• What you need to do: From the entries that follow, extract each line holding the string "ultimately".
----- Material for this task
(* Let $t\ge 3$ and $d\ge 0$ be integers. Every graph $G$ with $\mathrm{tww}(G)\le d$ that contains no clique on $t$ vertices admits a proper vertex coloring with at most $(d+2)^{t-2}$ colors. In particular, every class of graphs of bounded twin-width is $\chi$-bounded.
   Context: A class $\mathcal C$ of graphs is $\chi$-bounded if there is a function $f$ with $\chi(G)\le f(\omega(G))$ for all $G\in\mathcal C$, where $\chi$ is the chromatic number and $\omega$ the clique number. A trigraph $H$ consists of a vertex set $V(H)$ and two disjoint sets of unordered pairs of distinct vertices: black edges $E(H)$ and red edges $R(H)$. Two vertices are adjacent (neighbors) if they are joined by a black or a red edge. The red graph of $H$ is the graph $(V(H),R(H))$; $H$ is a $d$-trigraph if its red graph has maximum degree at most $d$. A graph is a trigraph with no red edges. Contracting two distinct vertices $u,v$ of a trigraph $H$ yields the trigraph obtained by deleting $u$ and $v$ and adding a new vertex $z$ such that, for every other vertex $x$: $zx$ is a black edge if both $ux$ and $vx$ are black edges; $zx$ is not an edge if $x$ is adjacent to neither $u$ nor $v$; and $zx$ is a red edge otherwise. All edges not incident to $u$ or $v$ are unchanged. A $d$-sequence of an $n$-vertex graph $G$ is a sequence of $d$-trigraphs $G=G_n,G_{n-1},\dots,G_1$ such that $G_1$ has a single vertex and each $G_{i-1}$ is obtained from $G_i$ by one contraction (so $G_i$ has $i$ vertices). The twin-width $\mathrm{tww}(G)$ of $G$ is the minimum $d$ such that $G$ admits a $d$-sequence. *)

theory Defs
  imports Main
begin
lemma pstar_second_moment:
  fixes Pw :: "'m::finite \<Rightarrow> real"
  assumes P: "\<And>i. Pw i > 0"
  shows "(\<integral>\<^sup>+x. ennreal ((cmod (x $ k))\<^sup>2) \<partial>pstar Pw) = Pw k"
proof -
  define F where "F = (\<lambda>i z. if i = k then ennreal ((cmod z)\<^sup>2) else 1)"
  have [measurable]: "F i \<in> borel_measurable borel" for i unfolding F_def by simp
  have "(\<integral>\<^sup>+x. ennreal ((cmod (x $ k))\<^sup>2) \<partial>pstar Pw) = (\<integral>\<^sup>+x. (\<Prod>i\<in>UNIV. F i (x $ i)) \<partial>pstar Pw)"
    by (simp add: F_def prod.If_cases)
  also have "\<dots> = (\<Prod>i\<in>UNIV. \<integral>\<^sup>+z. ennreal (cgauss_density (Pw i) z) * F i z \<partial>lborel)"
    using P by (rule pstar_prod_integral) simp
  also have "\<dots> = (\<Prod>i\<in>UNIV. if i = k then ennreal (Pw k) else 1)"
    using P by (intro prod.cong refl) (auto simp: F_def nn_integral_cgauss ennreal_mult'[symmetric] nn_integral_cgauss_second_moment)
  also have "\<dots> = Pw k" by (simp add: prod.If_cases)
  finally show ?thesis .
qed

lemma pstar_admissible:
  fixes Pw :: "'m::finite \<Rightarrow> real"
  assumes P: "\<And>i. Pw i > 0"
  shows "pstar Pw \<in> admissible Pw"
  using P by (simp add: admissible_def prob_space_pstar pstar_second_moment)

lemma pstar_linear_conv:
  fixes Pw :: "'m::finite \<Rightarrow> real" and c :: "'m \<Rightarrow> complex"
  assumes P: "\<And>i. Pw i > 0" and a: "a > 0"
  shows "(\<integral>\<^sup>+x. ennreal (cgauss_density a (y - (\<Sum>i\<in>UNIV. c i * x $ i))) \<partial>pstar Pw)
     = ennreal (cgauss_density (a + (\<Sum>i\<in>UNIV. (cmod (c i))\<^sup>2 * Pw i)) y)"
  using P by (subst nn_integral_pstar) (simp_all add: nn_integral_cgauss_linear_conv[OF finite[of UNIV] P a])

lemma log_ratio_lower_bound:
  fixes x y :: real
  assumes "x > 0" "y > 0"
  shows "x * log 2 (x / y) \<ge> (x - y) / ln 2"
proof -
  have "ln (y / x) \<le> y / x - 1" using assms by (intro ln_le_minus_one) simp
  then have "ln (x / y) \<ge> 1 - y / x" using assms by (simp add: ln_div)
  then have "x * ln (x / y) \<ge> x * (1 - y / x)" using assms by (intro mult_left_mono) auto
  then have "x * ln (x / y) \<ge> x - y" using assms by (simp add: algebra_simps)
  then show ?thesis using assms by (simp add: log_def divide_right_mono)
qed

lemma gibbs_inequality:
  fixes q g :: "'a \<Rightarrow> real" and L :: "'a measure"
  assumes pos: "\<And>y. q y > 0" "\<And>y. g y > 0"
    and q: "has_bochner_integral L q 1" and g: "has_bochner_integral L g 1"
    and i: "integrable L (\<lambda>y. q y * log 2 (q y / g y))"
  shows "(\<integral>y. q y * log 2 (q y / g y) \<partial>L) \<ge> 0"
proof -
  have "(\<integral>y. (q y - g y) / ln 2 \<partial>L) \<le> (\<integral>y. q y * log 2 (q y / g y) \<partial>L)"
    using q g i pos by (intro integral_mono log_ratio_lower_bound) (auto simp: has_bochner_integral_iff)
  moreover have "(\<integral>y. (q y - g y) / ln 2 \<partial>L) = 0"
    using q g by (simp add: has_bochner_integral_iff)
  ultimately show ?thesis by simp
qed

locale awgn_channel = prob_space M for M :: "'a::euclidean_space measure" +
  fixes N :: real and s :: "'a \<Rightarrow> complex"
  assumes N: "N > 0" and sets_M[measurable_cong]: "sets M = sets borel"
    and s_measurable[measurable]: "s \<in> borel_measurable borel"
begin

definition PXZ :: "('a \<times> complex) measure" where "PXZ = M \<Otimes>\<^sub>M cgauss N"
definition Y :: "'a \<times> complex \<Rightarrow> complex" where "Y = (\<lambda>(x, z). s x + z)"
definition qY :: "complex \<Rightarrow> ennreal" where "qY y = (\<integral>\<^sup>+x. ennreal (cgauss_density N (y - s x)) \<partial>M)"
definition qYr :: "complex \<Rightarrow> real" where "qYr y = enn2real (qY y)"
definition PY :: "complex measure" where "PY = distr PXZ borel Y"
definition PXY :: "('a \<times> complex) measure" where "PXY = distr PXZ (borel \<Otimes>\<^sub>M borel) (\<lambda>\<omega>. (fst \<omega>, Y \<omega>))"
definition joint_density :: "'a \<times> complex \<Rightarrow> real" where
  "joint_density = (\<lambda>(x, y). cgauss_density N (y - s x) / qYr y)"
lemma Delta_pos:
  assumes "x \<in> Lat"
  shows "Delta x > 0"
proof (rule ccontr)
  assume "\<not> Delta x > 0"
  then have "cross3 x u = 0"
    by (simp add: Delta_def)
  then have coords: "x $ 2 = x $ 1 * xi" "x $ 3 = x $ 1 * eta"
    by (auto simp: vec_eq_iff forall_3 cross_components u_def algebra_simps)
  have int: "x $ 1 \<in> \<int>" "x $ 2 \<in> \<int>" and "x \<noteq> 0"
    using assms by (auto simp: Lat_def int_point_def)
  have "x $ 1 = 0"
  proof (rule ccontr)
    assume "x $ 1 \<noteq> 0"
    then have "xi = x $ 2 / x $ 1"
      using coords by simp
    also have "\<dots> \<in> \<rat>"
      using int by (auto intro: Rats_divide Ints_subset_Rats[THEN subsetD])
    finally show False
      using xi_irrational by simp
  qed
  with coords \<open>x \<noteq> 0\<close> show False
    by (simp add: vec_eq_iff forall_3)
qed

lemma lam_pos: "x \<in> Lat \<Longrightarrow> lam x q > 0"
  using Delta_pos[of x] by (auto simp: lam_def)

lemma traj_eq_neg_ln_lam:
  assumes "x \<in> Lat"
  shows "traj x q = - ln (lam x q)"
proof -
  have "ln (lam x q) = max (ln (norm x / exp q)) (ln (Delta x))"
    unfolding lam_def using Lat_norm_pos[OF assms] Delta_pos[OF assms] by (auto simp: max_def)
  also have "ln (norm x / exp q) = ln (norm x) - q"
    using Lat_norm_pos[OF assms] by (simp add: ln_div)
  finally show ?thesis
    by (simp add: traj_def min_def max_def)
qed

lemma lam_attains_min: "\<exists>x\<in>Lat. \<forall>y\<in>Lat. lam x q \<le> lam y q"
proof -
  define x0 :: "real^3" where "x0 = axis 1 1"
  define F where "F = {x\<in>Lat. norm x \<le> lam x0 q * exp q}"
  have "finite F"
    unfolding F_def by (rule finite_Lat_norm_le)
  have "norm x0 / exp q \<le> lam x0 q"
    by (simp add: lam_def)
  then have "x0 \<in> F"
    using axis_in_Lat by (simp add: F_def x0_def divide_le_eq)
  define xm where "xm = arg_min_on (\<lambda>x. lam x q) F"
  have "F \<noteq> {}"
    using \<open>x0 \<in> F\<close> by blast
  then have xm: "xm \<in> F" "\<forall>y\<in>F. lam xm q \<le> lam y q"
    unfolding xm_def using \<open>finite F\<close> by (auto intro: arg_min_if_finite(1) arg_min_least)
  have "lam xm q \<le> lam y q" if "y \<in> Lat" for y
  proof (cases "y \<in> F")
    case False
    then have "lam x0 q < norm y / exp q"
      using that by (simp add: F_def field_simps)
    also have "\<dots> \<le> lam y q"
      by (simp add: lam_def)
    finally show ?thesis
      using xm \<open>x0 \<in> F\<close> by fastforce
  qed (use xm in auto)
  then show ?thesis
    using xm by (auto simp: F_def)
qed

lemma P_attained: "\<exists>x\<in>Lat. P q = traj x q \<and> (\<forall>y\<in>Lat. traj y q \<le> P q)"
proof -
  obtain xm where xm: "xm \<in> Lat" "\<forall>y\<in>Lat. lam xm q \<le> lam y q"
    using lam_attains_min by blast
  define A where "A = {lam. lam > 0 \<and> (\<exists>x. int_point x \<and> x \<noteq> 0 \<and>
      norm x \<le> lam * exp q \<and> norm (cross3 x u) \<le> lam)}"
  have "lam xm q \<in> A"
    using xm lam_pos[OF xm(1)] by (auto simp: A_def Lat_def Delta_def lam_def field_simps)
  moreover have "lam xm q \<le> l" if "l \<in> A" for l
  proof -
    obtain y where y: "y \<in> Lat" "norm y \<le> l * exp q" "Delta y \<le> l"
      using \<open>l \<in> A\<close> by (auto simp: A_def Lat_def Delta_def)
    then have "lam y q \<le> l"
      by (simp add: lam_def field_simps)
    with xm y(1) show ?thesis
      by fastforce
  qed
  ultimately have "Inf A = lam xm q"
    by (intro cInf_eq_minimum) auto
  then have P_eq: "P q = traj xm q"
    unfolding P_def L1star_def A_def[symmetric] using traj_eq_neg_ln_lam[OF xm(1)] by simp
  have "traj y q \<le> P q" if "y \<in> Lat" for y
    unfolding P_eq traj_eq_neg_ln_lam[OF that] traj_eq_neg_ln_lam[OF xm(1)]
    using xm that lam_pos[OF xm(1), of q] lam_pos[OF that, of q] by simp
  with xm(1) P_eq show ?thesis
    by blast
qed

lemma traj_le_P: "y \<in> Lat \<Longrightarrow> traj y q \<le> P q"
  using P_attained by blast

lemma P_le: "P q \<le> q"
proof -
  obtain x where "x \<in> Lat" "P q = traj x q"
    using P_attained by blast
  moreover have "ln (norm x) \<ge> 0"
    using Lat_norm_ge1[OF \<open>x \<in> Lat\<close>] by simp
  ultimately show ?thesis
    by (simp add: traj_def)
qed

lemma traj_mono: "s \<le> t \<Longrightarrow> traj x s \<le> traj x t"
  by (simp add: traj_def min_def)

lemma P_mono:
  assumes "s \<le> t"
  shows "P s \<le> P t"
proof -
  obtain x where "x \<in> Lat" "P s = traj x s"
    using P_attained by blast
  then show ?thesis
    using traj_mono[OF assms, of x] traj_le_P[of x t] by linarith
qed

lemma traj_lipschitz: "\<bar>traj x s - traj x t\<bar> \<le> \<bar>s - t\<bar>"
  by (simp add: traj_def min_def abs_if)

lemma traj_below_kink: "t \<le> kink x \<Longrightarrow> traj x t = t - ln (norm x)"
  by (simp add: traj_def kink_def min_def)

lemma traj_above_kink: "kink x \<le> t \<Longrightarrow> traj x t = - ln (Delta x)"
  by (simp add: traj_def kink_def min_def)

lemma traj_antimono:
  assumes "y \<in> Lat" "norm y \<le> norm x" "Delta y \<le> Delta x"
  shows "traj x q \<le> traj y q"
proof -
  have "0 < norm y" "0 < Delta y"
    using Lat_norm_pos[OF assms(1)] Delta_pos[OF assms(1)] by simp_all
  then have "ln (norm y) \<le> ln (norm x)" "ln (Delta y) \<le> ln (Delta x)"
    using assms(2,3) by (auto intro!: iffD2[OF ln_le_cancel_iff])
  then show ?thesis
    unfolding traj_def by (intro min.mono) auto
qed

section \<open>Minimal points and corners\<close>

definition minimal :: "real^3 \<Rightarrow> bool" where
  "minimal x \<longleftrightarrow> x \<in> Lat \<and>
     (\<forall>y\<in>Lat. norm y \<le> norm x \<and> Delta y \<le> Delta x \<longrightarrow> norm y = norm x \<and> Delta y = Delta x)"

lemma minimal_Lat: "minimal x \<Longrightarrow> x \<in> Lat"
  by (simp add: minimal_def)

lemma exists_minimal_le:
  assumes "x \<in> Lat"
  shows "\<exists>z. minimal z \<and> norm z \<le> norm x \<and> Delta z \<le> Delta x"
proof -
  define F where "F = {y\<in>Lat. norm y \<le> norm x \<and> Delta y \<le> Delta x}"
  define z where "z = arg_min_on (\<lambda>y. norm y + Delta y) F"
  have "finite F"
    unfolding F_def by (rule finite_subset[OF _ finite_Lat_norm_le[of "norm x"]]) auto
  moreover have "F \<noteq> {}"
    using assms by (auto simp: F_def)
  ultimately have z: "z \<in> F" "\<forall>y\<in>F. norm z + Delta z \<le> norm y + Delta y"
    unfolding z_def by (auto intro: arg_min_if_finite(1) arg_min_least)
  have "norm y = norm z \<and> Delta y = Delta z"
    if "y \<in> Lat" "norm y \<le> norm z" "Delta y \<le> Delta z" for y
  proof -
    have "y \<in> F"
      using that z(1) by (auto simp: F_def)
    with z(2) have "norm z + Delta z \<le> norm y + Delta y"
      by blast
    with that show ?thesis
      by linarith
  qed
  then have "minimal z"
    using z(1) by (simp add: minimal_def F_def)
  with z(1) show ?thesis
    by (auto simp: F_def)
qed

lemma minimal_cases:
  assumes "minimal x" "minimal y"
  shows "(norm x = norm y \<and> Delta x = Delta y) \<or> (norm x < norm y \<and> Delta y < Delta x)
    \<or> (norm y < norm x \<and> Delta x < Delta y)"
proof -
  have "norm y \<le> norm x \<and> Delta y \<le> Delta x \<longrightarrow> norm y = norm x \<and> Delta y = Delta x"
    "norm x \<le> norm y \<and> Delta x \<le> Delta y \<longrightarrow> norm x = norm y \<and> Delta x = Delta y"
    using assms by (auto simp: minimal_def)
  then show ?thesis
    by linarith
qed

lemma
  assumes x: "minimal x" and y: "minimal y"
  shows minimal_kink_less: "kink x < kink y \<Longrightarrow> norm x < norm y \<and> Delta y < Delta x"
    and minimal_kink_eq: "kink x = kink y \<Longrightarrow> norm x = norm y \<and> Delta x = Delta y"
proof -
  have xL: "x \<in> Lat" and yL: "y \<in> Lat"
    using x y by (simp_all add: minimal_def)
  note pos = Lat_norm_pos[OF xL] Lat_norm_pos[OF yL] Delta_pos[OF xL] Delta_pos[OF yL]
  have kink_less: "kink a < kink b"
    if "norm a < norm b" "Delta b < Delta a" "0 < norm a" "0 < Delta b" for a b
  proof -
    have "ln (norm a) < ln (norm b)" "ln (Delta b) < ln (Delta a)"
      using that by (auto intro!: iffD2[OF ln_less_cancel_iff])
    then show ?thesis
      by (simp add: kink_def)
  qed
  show "kink x < kink y \<Longrightarrow> norm x < norm y \<and> Delta y < Delta x"
    using minimal_cases[OF x y] kink_less[of y x] pos by (auto simp: kink_def)
  show "kink x = kink y \<Longrightarrow> norm x = norm y \<and> Delta x = Delta y"
    using minimal_cases[OF x y] kink_less[of y x] kink_less[of x y] pos by auto
qed

lemma P_at_kink:
  assumes "minimal x"
  shows "P (kink x) = - ln (Delta x)"
proof -
  have x: "x \<in> Lat"
    using assms by (rule minimal_Lat)
  have "P (kink x) \<ge> - ln (Delta x)"
    using traj_le_P[OF x, of "kink x"] traj_above_kink[of x "kink x"] by simp
  moreover have "\<not> P (kink x) > - ln (Delta x)"
  proof
    assume less: "P (kink x) > - ln (Delta x)"
    obtain y where y: "y \<in> Lat" "P (kink x) = traj y (kink x)"
      using P_attained by blast
    with less have "ln (norm y) < ln (norm x)" "ln (Delta y) < ln (Delta x)"
      by (auto simp: traj_def kink_def)
    then have "norm y < norm x" "Delta y < Delta x"
      using Lat_norm_pos[OF x] Lat_norm_pos[OF y(1)] Delta_pos[OF x] Delta_pos[OF y(1)] by auto
    with assms y(1) show False
      by (force simp: minimal_def)
  qed
  ultimately show ?thesis
    by linarith
qed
----------
• Answer to this task:
  ultimately show ?thesis by simp
  ultimately have "Inf A = lam xm q"
  ultimately show ?thesis
  ultimately have z: "z \<in> F" "\<forall>y\<in>F. norm z + Delta z \<le> norm y + Delta y"
  ultimately show ?thesis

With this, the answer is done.